Data reliability is another area of concern. Researchers at Paradigm discovered a bug that caused prediction market trading volumes to be double-counted, inflating volume metrics on third-party dashboards.
On-Chain Innovation
Decentralized finance (DeFi) innovation is reshaping prediction markets and trading paradigms. According to Delphi Digital’s 2026 outlook, perpetual contract decentralized exchanges (Perp DEXs) are becoming the new Wall Street. Blockchain technology is integrating the fragmented structure of traditional finance. As the report puts it: "TradFi is expensive because it’s fragmented: trading happens on exchanges, settlement in New York, custody at banks. Blockchain compresses all of this into a single smart contract."
Autonomous trading by AI agents is another major trend. By combining protocols like x402 and the ERC-8004 standard, AI agents can instantly pay service fees with stablecoins and build trust based on reputation history, paving the way for a truly autonomous trading economy.
These innovations are elevating prediction markets into core infrastructure for traditional finance. Early demand has focused on weather prediction for energy, logistics, and insurance risk, but future expansion will include equity event markets and macroeconomic indicator forecasts.
Price Outlook
Multiple factors are shaping Bitcoin’s medium- and long-term trajectory. Beyond short-term price predictions, Polymarket data shows a 59% probability that Bitcoin will outperform gold in 2026, reflecting long-term confidence in crypto assets as a store of value. Veteran investor Dan Tapiero predicts Bitcoin could reach $180,000 this cycle, citing a combination of rising demand and shifts in global monetary policy. He points to falling interest rates and massive government investment in AI infrastructure as powerful tailwinds. The macro environment’s impact on crypto markets cannot be ignored. In early 2026, Bitcoin rebounded to the upper end of its weekly range, peaking near $94,800. Leverage positions at key price levels are driving range performance, and market volatility remains significant.

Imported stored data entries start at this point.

lemma sDist_quot_None:
  assumes "q \<in> sDist (quot X Zs) \<tau>"
  shows "q n None = dirac (replicate n 0, None)"
proof (induction n)
  case 0
  show ?case
    using assms sDist_support[OF assms, of None 0]
    by (intro is_dist_supported_singleton_eq_dirac) (auto intro: sDist_is_dist)
next
  case (Suc n)
  have "q (Suc n) None = q (Suc n) (dg (quot X Zs) n 0 None)" by simp
  also have "\<dots> = push (tdeg (quot X Zs) n 0) (q n None)"
    by (rule sDist_dg[OF assms]) simp_all
  also have "\<dots> = dirac (replicate (Suc n) 0, None)"
    unfolding Suc.IH push_dirac by (simp add: tdeg_def ndeg_replicate_zero)
  finally show ?case .
qed

lemma jstar_eq_push:
  assumes "q \<in> sDist (quot X Zs) \<tau>" "x \<in> S X n"
  shows "jstar X Zs q n x = push (\<lambda>v. (fst v, x)) (q n (jm Zs n x))"
  using assms sDist_support_snd[OF assms(1) jm_in_quot[OF assms(2)]]
  by (simp add: jstar_def push_rebase)

lemma jstar_in_sDist:
  assumes X: "simplicial_set X" and Z: "simplicial_subset X Zs"
    and q: "q \<in> sDist (quot X Zs) \<tau>"
  shows "jstar X Zs q \<in> sDist X (restr_tw \<tau> Zs)"
proof (rule sDistI)
  fix n y assume y: "y \<in> S X n"
  show "is_dist (jstar X Zs q n y)"
    unfolding jstar_eq_push[OF q y] by (intro is_dist_push sDist_is_dist[OF q] jm_in_quot y)
  fix g y' assume "jstar X Zs q n y (g, y') \<noteq> 0"
  then show "length g = n \<and> y' = y"
    using y sDist_support[OF q jm_in_quot[OF y]] by (auto simp: jstar_def split: if_splits)
next
  fix n y i assume y: "y \<in> S X (Suc n)" and i: "i \<le> Suc n"
  have jy: "jm Zs (Suc n) y \<in> S (quot X Zs) (Suc n)" using jm_in_quot[OF y] .
  have "jstar X Zs q n (fc X (Suc n) i y)
      = push (\<lambda>v. (fst v, fc X (Suc n) i y)) (q n (fc (quot X Zs) (Suc n) i (jm Zs (Suc n) y)))"
    by (simp add: jstar_eq_push[OF q simplicial_set_fc_closed[OF X y i]] fc_quot_jm[OF Z i])
  also have "\<dots> = push (\<lambda>v. (fst v, fc X (Suc n) i y))
                   (push (tface \<tau> (quot X Zs) (Suc n) i) (q (Suc n) (jm Zs (Suc n) y)))"
    by (simp add: sDist_fc[OF q jy i])
  also have "\<dots> = push (tface (restr_tw \<tau> Zs) X (Suc n) i)
                   (push (\<lambda>v. (fst v, y)) (q (Suc n) (jm Zs (Suc n) y)))"
    by (rule push_rebase_commute[OF sDist_finite_support[OF q jy] sDist_support_snd[OF q jy]])
       (simp_all add: tface_def restr_tw_def)
  also have "\<dots> = push (tface (restr_tw \<tau> Zs) X (Suc n) i) (jstar X Zs q (Suc n) y)"
    by (simp add: jstar_eq_push[OF q y])
  finally show "jstar X Zs q n (fc X (Suc n) i y)
      = push (tface (restr_tw \<tau> Zs) X (Suc n) i) (jstar X Zs q (Suc n) y)" .
next
  fix n y i assume y: "y \<in> S X n" and i: "i \<le> n"
  have jy: "jm Zs n y \<in> S (quot X Zs) n" using jm_in_quot[OF y] .
  have "jstar X Zs q (Suc n) (dg X n i y)
      = push (\<lambda>v. (fst v, dg X n i y)) (q (Suc n) (dg (quot X Zs) n i (jm Zs n y)))"
    by (simp add: jstar_eq_push[OF q simplicial_set_dg_closed[OF X y i]] dg_quot_jm[OF Z i])
  also have "\<dots> = push (\<lambda>v. (fst v, dg X n i y)) (push (tdeg (quot X Zs) n i) (q n (jm Zs n y)))"
    by (simp add: sDist_dg[OF q jy i])
  also have "\<dots> = push (tdeg X n i) (push (\<lambda>v. (fst v, y)) (q n (jm Zs n y)))"
    by (rule push_rebase_commute[OF sDist_finite_support[OF q jy] sDist_support_snd[OF q jy]])
       (simp_all add: tdeg_def)
  also have "\<dots> = push (tdeg X n i) (jstar X Zs q n y)"
    by (simp add: jstar_eq_push[OF q y])
  finally show "jstar X Zs q (Suc n) (dg X n i y) = push (tdeg X n i) (jstar X Zs q n y)" .
qed (simp add: jstar_def)

lemma istar_jstar:
  assumes Z: "simplicial_subset X Zs" and q: "q \<in> sDist (quot X Zs) \<tau>"
  shows "istar Zs (jstar X Zs q) = delta0 Zs"
proof (intro ext, clarify)
  fix n z g z'
  show "istar Zs (jstar X Zs q) n z (g, z') = delta0 Zs n z (g, z')"
  proof (cases "z \<in> Zs n")
    case True
    then have "z \<in> S X n" using Z unfolding simplicial_subset_def by blast
    with True show ?thesis
      by (simp add: istar_def delta0_def jstar_def jm_def sDist_quot_None[OF q] dirac_def)
  qed (simp add: istar_def delta0_def)
qed

lemma jstar_inj:
  assumes q1: "q1 \<in> sDist (quot X Zs) \<tau>" and q2: "q2 \<in> sDist (quot X Zs) \<tau>"
    and eq: "jstar X Zs q1 = jstar X Zs q2"
  shows "q1 = q2"
proof (intro ext, clarify)
  fix n y g y'
  show "q1 n y (g, y') = q2 n y (g, y')"
  proof (cases "y \<in> S (quot X Zs) n")
    case False
    then show ?thesis using sDist_outside[OF q1] sDist_outside[OF q2] by simp
  next
    case yin: True
    show ?thesis
    proof (cases y)
      case None
      then show ?thesis using sDist_quot_None[OF q1] sDist_quot_None[OF q2] by simp
    next
      case (Some x)
      then have x: "x \<in> S X n" "x \<notin> Zs n" using yin by (auto simp: Some_in_quot_iff)
      show ?thesis
      proof (cases "y' = y")
        case False
        then have "q1 n y (g, y') = 0" "q2 n y (g, y') = 0"
          using sDist_support[OF q1 yin, of g y'] sDist_support[OF q2 yin, of g y'] by auto
        then show ?thesis by simp
      next
        case True
        have "jstar X Zs q1 n x (g, x) = jstar X Zs q2 n x (g, x)" using eq by simp
        then show ?thesis using x True Some by (simp add: jstar_def jm_def)
      qed
    qed
  qed
qed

Gate market data shows a diverse range of predictions for Bitcoin’s price. As of today, Bitcoin (BTC) is trading at $92,794.3, with a 24-hour trading volume of $709.41M, a market cap of $1.84T, a market share of 56.42%, and a 24-hour price change of -2.36%. This data underscores Bitcoin’s status as the core asset of the crypto market, with its price swings directly influencing overall market sentiment and trading strategies.
When making trading decisions, investors should pay close attention to the following key factors:
- Market depth: The size of order books and the spread between bids and asks can indicate short-term support and resistance levels, helping assess potential volatility risks.
- Liquidity changes: Trading activity and capital inflows/outflows reveal market sentiment and capital preferences, which are especially important for high-leverage traders.
- Crypto market correlations: The relationship between Bitcoin’s price and major altcoins or stablecoins can change significantly across different market cycles, so investors should analyze the broader market context.
- Macro and news factors: Policy changes, exchange developments, and large institutional moves can all impact Bitcoin’s price in the short term.
In summary, while Bitcoin continues to hold core value in the long run, short-term price volatility cannot be ignored. Traders are advised to base their strategies on analysis of market depth, liquidity, and overall crypto market correlations, while maintaining prudent risk controls.
When Polymarket’s probability for Bitcoin reaching $100,000 in January plunged from 43% to 25%, the value of "YES" contracts at the price top shrank accordingly. Meanwhile, contracts betting that Bitcoin will outperform gold in 2026 steadily gained value, with the probability rising to 59%. Behind the surge in on-chain prediction markets, Perp DEXs are encroaching on traditional Wall Street territory, AI agents are moving toward autonomous trading, and debates over information asymmetry persist. With every probability shift on Polymarket, the market searches for direction, while blockchain technology itself is compressing trading, settlement, and custody into a single smart contract—reshaping the foundational structure of financial markets.